• _TASK ITEM_
Scan the records below for the line with "using g by simp" and the line with "using xy eq". Repeat those two lines and every line between them exactly, and nothing else.

Stored data entries:
++++++

(* Let $G$ be a $2$-generated, simple, complete, torsion-free group in which every proper subgroup is infinite cyclic. Then every maximal cyclic subgroup $Z$ of $G$ is malnormal (i.e. $Z\cap g^{-1}Zg=1$ for all $g\in G\setminus Z$), and $G$ has the unique root property.
   Context: A group is complete if it has trivial center and no outer automorphisms. A group has the unique root property if for all $x,y$ in it and every positive integer $n$, $x^n=y^n$ implies $x=y$. *)

theory Defs
  imports "HOL-Algebra.Algebra"
begin

definition group_center :: "('a, 'b) monoid_scheme \<Rightarrow> 'a set" where
  "group_center G = {z \<in> carrier G. \<forall>x \<in> carrier G. z \<otimes>\<^bsub>G\<^esub> x = x \<otimes>\<^bsub>G\<^esub> z}"

definition inner_aut :: "('a, 'b) monoid_scheme \<Rightarrow> 'a \<Rightarrow> 'a \<Rightarrow> 'a" where
  "inner_aut G g = (\<lambda>x \<in> carrier G. g \<otimes>\<^bsub>G\<^esub> x \<otimes>\<^bsub>G\<^esub> inv\<^bsub>G\<^esub> g)"

definition complete_group :: "('a, 'b) monoid_scheme \<Rightarrow> bool" where
  "complete_group G \<longleftrightarrow> group_center G = {\<one>\<^bsub>G\<^esub>} \<and>
     (\<forall>\<phi> \<in> auto G. \<exists>g \<in> carrier G. \<phi> = inner_aut G g)"

text \<open>Simple: nontrivial, and the only normal subgroups are trivial and whole group
  (the library locale simple_group uses order G > 1, which fails for infinite groups).\<close>
definition simple_grp :: "('a, 'b) monoid_scheme \<Rightarrow> bool" where
  "simple_grp G \<longleftrightarrow> carrier G \<noteq> {\<one>\<^bsub>G\<^esub>} \<and>
     (\<forall>H. H \<lhd> G \<longrightarrow> H = carrier G \<or> H = {\<one>\<^bsub>G\<^esub>})"

definition torsion_free :: "('a, 'b) monoid_scheme \<Rightarrow> bool" where
  "torsion_free G \<longleftrightarrow>
     (\<forall>x \<in> carrier G. \<forall>n::nat. n > 0 \<longrightarrow> x [^]\<^bsub>G\<^esub> n = \<one>\<^bsub>G\<^esub> \<longrightarrow> x = \<one>\<^bsub>G\<^esub>)"

definition two_generated :: "('a, 'b) monoid_scheme \<Rightarrow> bool" where
  "two_generated G \<longleftrightarrow> (\<exists>a \<in> carrier G. \<exists>b \<in> carrier G. generate G {a, b} = carrier G)"

definition cyclic_subgroup :: "('a, 'b) monoid_scheme \<Rightarrow> 'a set \<Rightarrow> bool" where
  "cyclic_subgroup G H \<longleftrightarrow> subgroup H G \<and> cyclic_group (subgroup_generated G H)"

definition maximal_cyclic_subgroup :: "('a, 'b) monoid_scheme \<Rightarrow> 'a set \<Rightarrow> bool" where
  "maximal_cyclic_subgroup G Z \<longleftrightarrow> cyclic_subgroup G Z \<and>
     (\<forall>Z'. cyclic_subgroup G Z' \<and> Z \<subseteq> Z' \<longrightarrow> Z' = Z)"

definition malnormal :: "('a, 'b) monoid_scheme \<Rightarrow> 'a set \<Rightarrow> bool" where
  "malnormal G Z \<longleftrightarrow> (\<forall>g \<in> carrier G - Z.
     Z \<inter> {inv\<^bsub>G\<^esub> g \<otimes>\<^bsub>G\<^esub> z \<otimes>\<^bsub>G\<^esub> g | z. z \<in> Z} = {\<one>\<^bsub>G\<^esub>})"

definition unique_root_property :: "('a, 'b) monoid_scheme \<Rightarrow> bool" where
  "unique_root_property G \<longleftrightarrow> (\<forall>x \<in> carrier G. \<forall>y \<in> carrier G. \<forall>n::nat. n > 0 \<longrightarrow>
     x [^]\<^bsub>G\<^esub> n = y [^]\<^bsub>G\<^esub> n \<longrightarrow> x = y)"

end

theory Submission
  imports Defs
begin

text \<open>As the centre is trivial, the centraliser of any \<open>x \<noteq> 1\<close> is a proper nontrivial subgroup,
  hence cyclic; in particular the centraliser of every nontrivial element of a maximal cyclic
  subgroup \<open>Z\<close> is \<open>Z\<close> itself. If \<open>g\<close> conjugates some \<open>1 \<noteq> x \<in> Z\<close> into \<open>Z\<close>, it therefore
  conjugates \<open>Z\<close> onto itself, so \<open>g\<close> normalises \<open>Z\<close>; by simplicity the normaliser of \<open>Z\<close> is
  proper, hence cyclic, hence equal to \<open>Z\<close>. Similarly \<open>x\<^sup>n = y\<^sup>n \<noteq> 1\<close> places \<open>x\<close> and \<open>y\<close> in
  the cyclic centraliser of \<open>x\<^sup>n\<close>, so they commute and \<open>x y\<^sup>-\<^sup>1\<close> is a torsion element.\<close>

definition centralizer :: "('a, 'b) monoid_scheme \<Rightarrow> 'a \<Rightarrow> 'a set" where
  "centralizer G x = {y \<in> carrier G. y \<otimes>\<^bsub>G\<^esub> x = x \<otimes>\<^bsub>G\<^esub> y}"

lemma (in group) subgroup_centralizer:
  assumes "x \<in> carrier G"
  shows "subgroup (centralizer G x) G"
proof (rule subgroupI)
  show "centralizer G x \<subseteq> carrier G" "centralizer G x \<noteq> {}"
    using assms by (auto simp: centralizer_def intro!: exI[of _ \<one>])
next
  fix a assume "a \<in> centralizer G x"
  then have a: "a \<in> carrier G" "a \<otimes> x = x \<otimes> a" by (auto simp: centralizer_def)
  then have "inv a \<otimes> x = x \<otimes> inv a"
    using assms by (metis inv_closed inv_solve_left' inv_solve_right m_assoc m_closed)
  with a show "inv a \<in> centralizer G x" by (simp add: centralizer_def)
  fix b assume "b \<in> centralizer G x"
  then have b: "b \<in> carrier G" "b \<otimes> x = x \<otimes> b" by (auto simp: centralizer_def)
  with a assms have "a \<otimes> b \<otimes> x = x \<otimes> (a \<otimes> b)" by (metis m_assoc)
  with a b show "a \<otimes> b \<in> centralizer G x" by (simp add: centralizer_def)
qed

lemma (in group) cyclic_subgroup_commute:
  assumes "cyclic_subgroup G H" "x \<in> H" "y \<in> H"
  shows "x \<otimes> y = y \<otimes> x"
proof -
  have H: "subgroup H G" "cyclic_group (subgroup_generated G H)"
    using assms(1) by (auto simp: cyclic_subgroup_def)
  then have "comm_group (subgroup_generated G H)"
    by (simp add: group.cyclic_imp_abelian_group group_subgroup_generated)
  moreover have "carrier (subgroup_generated G H) = H"
    using H(1) by (simp add: subgroup.carrier_subgroup_generated_subgroup)
  ultimately show ?thesis
    using assms(2,3) by (metis comm_group.axioms(1) comm_monoid.m_comm mult_subgroup_generated)
qed

lemma (in group) conj_mult:
  assumes "g \<in> carrier G" "x \<in> carrier G" "y \<in> carrier G"
  shows "g \<otimes> (x \<otimes> y) \<otimes> inv g = (g \<otimes> x \<otimes> inv g) \<otimes> (g \<otimes> y \<otimes> inv g)"
  using assms by (simp add: m_assoc) (simp add: m_assoc[symmetric])

lemma (in group) centralizer_conj:
  assumes g: "g \<in> carrier G" and x: "x \<in> carrier G"
  shows "centralizer G (g \<otimes> x \<otimes> inv g) = (\<lambda>y. g \<otimes> y \<otimes> inv g) ` centralizer G x"
proof -
  have commute_conj: "(g \<otimes> y \<otimes> inv g) \<otimes> (g \<otimes> x \<otimes> inv g) = (g \<otimes> x \<otimes> inv g) \<otimes> (g \<otimes> y \<otimes> inv g)
      \<longleftrightarrow> y \<otimes> x = x \<otimes> y" if "y \<in> carrier G" for y
    using that g x by (simp add: conj_mult[symmetric])
  show ?thesis
  proof (intro equalityI subsetI)
    fix y assume "y \<in> centralizer G (g \<otimes> x \<otimes> inv g)"
    then have y: "y \<in> carrier G" and "y \<otimes> (g \<otimes> x \<otimes> inv g) = (g \<otimes> x \<otimes> inv g) \<otimes> y"
      by (auto simp: centralizer_def)
    moreover have y_conj: "y = g \<otimes> (inv g \<otimes> y \<otimes> g) \<otimes> inv g"
      using g y by (simp add: conjugation_is_surj)
    ultimately have "inv g \<otimes> y \<otimes> g \<in> centralizer G x"
      using commute_conj[of "inv g \<otimes> y \<otimes> g"] g y by (auto simp: centralizer_def)
    with y_conj show "y \<in> (\<lambda>y. g \<otimes> y \<otimes> inv g) ` centralizer G x" by blast
  qed (use g x commute_conj in \<open>auto simp: centralizer_def\<close>)
qed

lemma (in group) normalizer_iff_conj_image:
  assumes "H \<subseteq> carrier G"
  shows "g \<in> normalizer G H \<longleftrightarrow> g \<in> carrier G \<and> (\<lambda>h. g \<otimes> h \<otimes> inv g) ` H = H"
proof -
  have "g <# H #> inv g = (\<lambda>h. g \<otimes> h \<otimes> inv g) ` H" if "g \<in> carrier G"
    using assms that by (auto simp: l_coset_def r_coset_def)
  then show ?thesis
    using assms by (auto simp: normalizer_def stabilizer_def)
qed

lemma (in group) subgroup_subset_normalizer:
  "subgroup H G \<Longrightarrow> H \<subseteq> normalizer G H"
  using subgroup_in_normalizer normal_imp_subgroup subgroup.subset by fastforce

lemma (in group) normal_if_normalizer_eq_carrier:
  assumes "subgroup H G" "normalizer G H = carrier G"
  shows "H \<lhd> G"
  using assms normalizer_iff_conj_image[OF subgroup.subset[OF assms(1)]]
  by (auto simp: normal_inv_iff)

lemma (in group) torsion_free_commuting_roots_eq:
  assumes "torsion_free G" "x \<in> carrier G" "y \<in> carrier G" "x \<otimes> y = y \<otimes> x"
    and "(n::nat) > 0" "x [^] n = y [^] n"
  shows "x = y"
proof -
  have "x \<otimes> inv y = inv y \<otimes> x"
    using assms(2-4) by (metis inv_closed inv_solve_left' inv_solve_right m_assoc m_closed)
  then have "(x \<otimes> inv y) [^] n = x [^] n \<otimes> inv y [^] n"
    using assms(2,3) by (intro pow_mult_distrib) auto
  also have "\<dots> = x [^] n \<otimes> inv (y [^] n)"
    using assms(3) by (simp add: nat_pow_inv)
  also have "\<dots> = \<one>"
    using assms(2,3,6) by simp
  finally have "x \<otimes> inv y = \<one>"
    using assms(1-3,5) unfolding torsion_free_def by blast
  then show ?thesis
    using assms(2,3) by (metis inv_closed inv_equality inv_inv)
qed

locale centerless_proper_cyclic = group +
  assumes center_trivial: "group_center G = {\<one>}"
    and proper_subgroup_cyclic:
      "\<And>H. \<lbrakk>subgroup H G; H \<noteq> carrier G; H \<noteq> {\<one>}\<rbrakk> \<Longrightarrow> cyclic_subgroup G H"
begin

lemma carrier_not_cyclic:
  assumes "carrier G \<noteq> {\<one>}"
  shows "\<not> cyclic_subgroup G (carrier G)"
proof
  assume "cyclic_subgroup G (carrier G)"
  then have "group_center G = carrier G"
    unfolding group_center_def using cyclic_subgroup_commute by blast
  with assms center_trivial show False by simp
qed

lemma cyclic_centralizer:
  assumes "x \<in> carrier G" "x \<noteq> \<one>"
  shows "cyclic_subgroup G (centralizer G x)"
proof (rule proper_subgroup_cyclic)
  show "subgroup (centralizer G x) G"
    using assms(1) by (rule subgroup_centralizer)
  show "centralizer G x \<noteq> {\<one>}"
    using assms by (auto simp: centralizer_def)
  show "centralizer G x \<noteq> carrier G"
  proof
    assume "centralizer G x = carrier G"
    then have "y \<otimes> x = x \<otimes> y" if "y \<in> carrier G" for y
      using that unfolding centralizer_def by blast
    then have "x \<in> group_center G"
      using assms(1) by (simp add: group_center_def)
    with assms center_trivial show False by simp
  qed
qed

lemma centralizer_maximal_cyclic:
  assumes Z: "maximal_cyclic_subgroup G Z" and z: "z \<in> Z" "z \<noteq> \<one>"
  shows "centralizer G z = Z"
proof -
  have cyclic: "cyclic_subgroup G Z"
    using Z by (simp add: maximal_cyclic_subgroup_def)
  then have sub: "subgroup Z G"
    by (simp add: cyclic_subgroup_def)
  have "Z \<subseteq> centralizer G z"
    using z(1) cyclic_subgroup_commute[OF cyclic] subgroup.mem_carrier[OF sub]
    unfolding centralizer_def by blast
  with Z cyclic_centralizer[OF subgroup.mem_carrier[OF sub z(1)] z(2)] show ?thesis
    unfolding maximal_cyclic_subgroup_def by blast
qed

lemma normalizer_maximal_cyclic:
  assumes "simple_grp G" and Z: "maximal_cyclic_subgroup G Z" "Z \<noteq> {\<one>}"
  shows "normalizer G Z = Z"
proof -
  have cyclic: "cyclic_subgroup G Z" and maximal: "\<And>Z'. cyclic_subgroup G Z' \<Longrightarrow> Z \<subseteq> Z' \<Longrightarrow> Z' = Z"
    using Z(1) by (auto simp: maximal_cyclic_subgroup_def)
  then have sub: "subgroup Z G" by (simp add: cyclic_subgroup_def)
  have "normalizer G Z \<noteq> carrier G"
  proof
    assume "normalizer G Z = carrier G"
    then have "Z \<lhd> G" by (rule normal_if_normalizer_eq_carrier[OF sub])
    then have "Z = carrier G"
      using assms(1) Z(2) unfolding simple_grp_def by blast
    with cyclic carrier_not_cyclic Z(2) show False by auto
  qed
  moreover have "Z \<subseteq> normalizer G Z"
    using sub by (rule subgroup_subset_normalizer)
  ultimately have "cyclic_subgroup G (normalizer G Z)"
    using Z(2) subgroup.one_closed[OF sub]
    by (intro proper_subgroup_cyclic normalizer_imp_subgroup subgroup.subset[OF sub]) auto
  with maximal \<open>Z \<subseteq> normalizer G Z\<close> show ?thesis by blast
qed

lemma malnormal_maximal_cyclic:
  assumes "simple_grp G" and Z: "maximal_cyclic_subgroup G Z"
  shows "malnormal G Z"
  unfolding malnormal_def
proof (intro ballI)
  fix g assume g: "g \<in> carrier G - Z"
  have sub: "subgroup Z G"
    using Z by (simp add: maximal_cyclic_subgroup_def cyclic_subgroup_def)
  have "inv g \<otimes> \<one> \<otimes> g = \<one>"
    using g by simp
  then have "\<one> \<in> Z \<inter> {inv g \<otimes> z \<otimes> g |z. z \<in> Z}"
    using subgroup.one_closed[OF sub] by force
  moreover have False if "x \<in> Z" "z \<in> Z" "x = inv g \<otimes> z \<otimes> g" "x \<noteq> \<one>" for x z
  proof -
    have x: "x \<in> carrier G" and "z \<in> carrier G"
      using that(1,2) subgroup.mem_carrier[OF sub] by auto
    with g that(3,4) have z: "z = g \<otimes> x \<otimes> inv g" "z \<noteq> \<one>"
      by (auto simp: conjugation_is_surj)
    have "Z = (\<lambda>y. g \<otimes> y \<otimes> inv g) ` Z"
      using centralizer_conj[of g x] g x z
        centralizer_maximal_cyclic[OF Z that(1,4)] centralizer_maximal_cyclic[OF Z that(2) z(2)]
      by simp
    then have "g \<in> normalizer G Z"
      using g sub by (simp add: normalizer_iff_conj_image subgroup.subset)
    moreover have "Z \<noteq> {\<one>}"
      using that(1,4) by auto
    ultimately show False
      using normalizer_maximal_cyclic[OF assms] g by simp
  qed
  ultimately show "Z \<inter> {inv g \<otimes> z \<otimes> g |z. z \<in> Z} = {\<one>}"
    by blast
qed

lemma unique_root_property_if_torsion_free:
  assumes "torsion_free G"
  shows "unique_root_property G"
  unfolding unique_root_property_def
proof (intro ballI allI impI)
  fix x y and n :: nat
  assume xy: "x \<in> carrier G" "y \<in> carrier G" and n: "n > 0" and eq: "x [^] n = y [^] n"
  show "x = y"
  proof (cases "x [^] n = \<one>")
    case True
    then show ?thesis
      using assms xy n eq unfolding torsion_free_def by metis
  next
    case False
    have "x [^] n \<otimes> x = x \<otimes> x [^] n" "y [^] n \<otimes> y = y \<otimes> y [^] n"
      using xy by (simp_all add: group_commutes_pow)
    then have "x \<in> centralizer G (x [^] n)" "y \<in> centralizer G (x [^] n)"
      using xy eq by (auto simp: centralizer_def)
    then have "x \<otimes> y = y \<otimes> x"
      using cyclic_centralizer[of "x [^] n"] xy(1) False cyclic_subgroup_commute by simp
    then show ?thesis by (rule torsion_free_commuting_roots_eq[OF assms xy _ n eq])
  qed
qed

end

theorem lemma5p3:
  fixes G (structure)
  assumes "group G"
    and "two_generated G"
    and "simple_grp G"
    and "complete_group G"
    and "torsion_free G"
    and "\<And>H. \<lbrakk>subgroup H G; H \<noteq> carrier G; H \<noteq> {\<one>}\<rbrakk> \<Longrightarrow>
            cyclic_subgroup G H \<and> infinite H"
  shows "(\<forall>Z. maximal_cyclic_subgroup G Z \<longrightarrow> malnormal G Z) \<and> unique_root_property G"
proof -
  have "centerless_proper_cyclic G"
    using assms(1,4,6)
    by (simp add: centerless_proper_cyclic_def centerless_proper_cyclic_axioms_def complete_group_def)
  then interpret centerless_proper_cyclic G .
  show ?thesis
    using malnormal_maximal_cyclic[OF assms(3)] unique_root_property_if_torsion_free[OF assms(5)]
    by blast
qed

end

++++++

• _REPLY_
    using g by simp
  then have "\<one> \<in> Z \<inter> {inv g \<otimes> z \<otimes> g |z. z \<in> Z}"
    using subgroup.one_closed[OF sub] by force
  moreover have False if "x \<in> Z" "z \<in> Z" "x = inv g \<otimes> z \<otimes> g" "x \<noteq> \<one>" for x z
  proof -
    have x: "x \<in> carrier G" and "z \<in> carrier G"
      using that(1,2) subgroup.mem_carrier[OF sub] by auto
    with g that(3,4) have z: "z = g \<otimes> x \<otimes> inv g" "z \<noteq> \<one>"
      by (auto simp: conjugation_is_surj)
    have "Z = (\<lambda>y. g \<otimes> y \<otimes> inv g) ` Z"
      using centralizer_conj[of g x] g x z
        centralizer_maximal_cyclic[OF Z that(1,4)] centralizer_maximal_cyclic[OF Z that(2) z(2)]
      by simp
    then have "g \<in> normalizer G Z"
      using g sub by (simp add: normalizer_iff_conj_image subgroup.subset)
    moreover have "Z \<noteq> {\<one>}"
      using that(1,4) by auto
    ultimately show False
      using normalizer_maximal_cyclic[OF assms] g by simp
  qed
  ultimately show "Z \<inter> {inv g \<otimes> z \<otimes> g |z. z \<in> Z} = {\<one>}"
    by blast
qed

lemma unique_root_property_if_torsion_free:
  assumes "torsion_free G"
  shows "unique_root_property G"
  unfolding unique_root_property_def
proof (intro ballI allI impI)
  fix x y and n :: nat
  assume xy: "x \<in> carrier G" "y \<in> carrier G" and n: "n > 0" and eq: "x [^] n = y [^] n"
  show "x = y"
  proof (cases "x [^] n = \<one>")
    case True
    then show ?thesis
      using assms xy n eq unfolding torsion_free_def by metis
  next
    case False
    have "x [^] n \<otimes> x = x \<otimes> x [^] n" "y [^] n \<otimes> y = y \<otimes> y [^] n"
      using xy by (simp_all add: group_commutes_pow)
    then have "x \<in> centralizer G (x [^] n)" "y \<in> centralizer G (x [^] n)"
      using xy eq by (auto simp: centralizer_def)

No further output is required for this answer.